Split seconds: Inside B.J. Raji's yoga session

There’s something startling about a 337-pound man doing the splits. It bends logic, begs for explanation. Forty minutes into his vinyasa yoga session, B.J. Raji tries the unthinkable. His right leg slides back. His left shifts forward.
Gravity does the rest.
It takes a few repetitions, but Raji’s splits stretch deeper and deeper. Down to the floor. On a black yoga mat, his white socks mark two ends of a straight line. Raji uses yoga blocks at first, then discards them. He slaps both palms on the floor, leans his barrel chest forward against his thigh and pushes his head down until his nose snuggles against his knee.
“Textbook,” instructor Ryanne Cunningham exclaims. “That is textbook.”
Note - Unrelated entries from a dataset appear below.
(* Let $0<a<1$ be a constant and let $k_1\ge k_2\ge\cdots\ge k_n$ and $\ell_1\ge\ell_2\ge\cdots\ge\ell_n$ be non-negative integers such that $\sum_{i=1}^j k_i\le\sum_{i=1}^j\ell_i$ for every $j\le n$ and $\sum_{i=1}^n k_i=\sum_{i=1}^n\ell_i$. Let $X=\sum_{i=1}^n X_i$ and $Y=\sum_{i=1}^n Y_i$, where $X_1,\dots,X_n$ are independent indicator random variables with $\Pr[X_i=1]=a^{k_i}$ and $Y_1,\dots,Y_n$ are independent indicator random variables with $\Pr[Y_i=1]=a^{\ell_i}$. Then for every integer $M$, $\Pr[X\ge M]\le\Pr[Y\ge M]$. *)

theory Defs
  imports "HOL-Probability.Probability"
begin

definition indicator_vector :: "real \<Rightarrow> (nat \<Rightarrow> nat) \<Rightarrow> nat \<Rightarrow> (nat \<Rightarrow> bool) pmf" where
  "indicator_vector a k n = Pi_pmf {1..n} False (\<lambda>i. bernoulli_pmf (a ^ k i))"

definition sum_tail_prob :: "real \<Rightarrow> (nat \<Rightarrow> nat) \<Rightarrow> nat \<Rightarrow> int \<Rightarrow> real" where
  "sum_tail_prob a k n M =
     measure_pmf.prob (indicator_vector a k n)
       {\<omega>. M \<le> (\<Sum>i=1..n. of_bool (\<omega> i) :: int)}"

end

(*
  Put p_i = a^k_i. Moving one unit of exponent from a later index j to an earlier index i with
  k_j \<le> k_i + 1 keeps p_i p_j fixed and does not decrease p_i + p_j, because
  a^(k_i+1) + a^(k_j-1) \<ge> a^k_i + a^k_j. Conditioned on the remaining coordinates,
  Pr[X \<ge> M] is affine in p_i + p_j and p_i p_j and nondecreasing in the sum, so such a move
  cannot decrease the tail probability. A non-increasing k majorized by l is turned into l by
  finitely many such moves, each keeping k non-increasing and majorized by l while strictly
  decreasing the total gap of the partial sums.
*)

theory Submission
  imports Defs
begin

definition tail_prob :: "'a set \<Rightarrow> ('a \<Rightarrow> real) \<Rightarrow> int \<Rightarrow> real" where
  "tail_prob A p M = measure_pmf.prob (Pi_pmf A False (\<lambda>i. bernoulli_pmf (p i)))
       {\<omega>. M \<le> (\<Sum>i\<in>A. of_bool (\<omega> i) :: int)}"

lemma tail_prob_cong: "(\<And>i. i \<in> A \<Longrightarrow> p i = q i) \<Longrightarrow> tail_prob A p M = tail_prob A q M"
  unfolding tail_prob_def by (subst Pi_pmf_cong[where f' = "\<lambda>i. bernoulli_pmf (q i)"]) auto

lemma tail_prob_antimono: "tail_prob A p M \<le> tail_prob A p (M - 1)"
  unfolding tail_prob_def by (rule measure_pmf.finite_measure_mono) auto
On a yoga mat inside Flow Yoga Studio in downtown De Pere, the Green Bay Packers defensive tackle looks like he’s leaping over skyscrapers with a single bound. A high hurdler. Cunningham’s joy is unbridled.
This, she says, is a big moment. Raji isn’t naturally blessed with freakish flexibility. One reason he missed the entire 2014 season with a torn biceps, he believes, is rigidity in his shoulders. When his right arm got caught in the mass of blockers and ball carrier during a preseason game against the Oakland Raiders, his muscles didn’t have enough elasticity. So they snapped.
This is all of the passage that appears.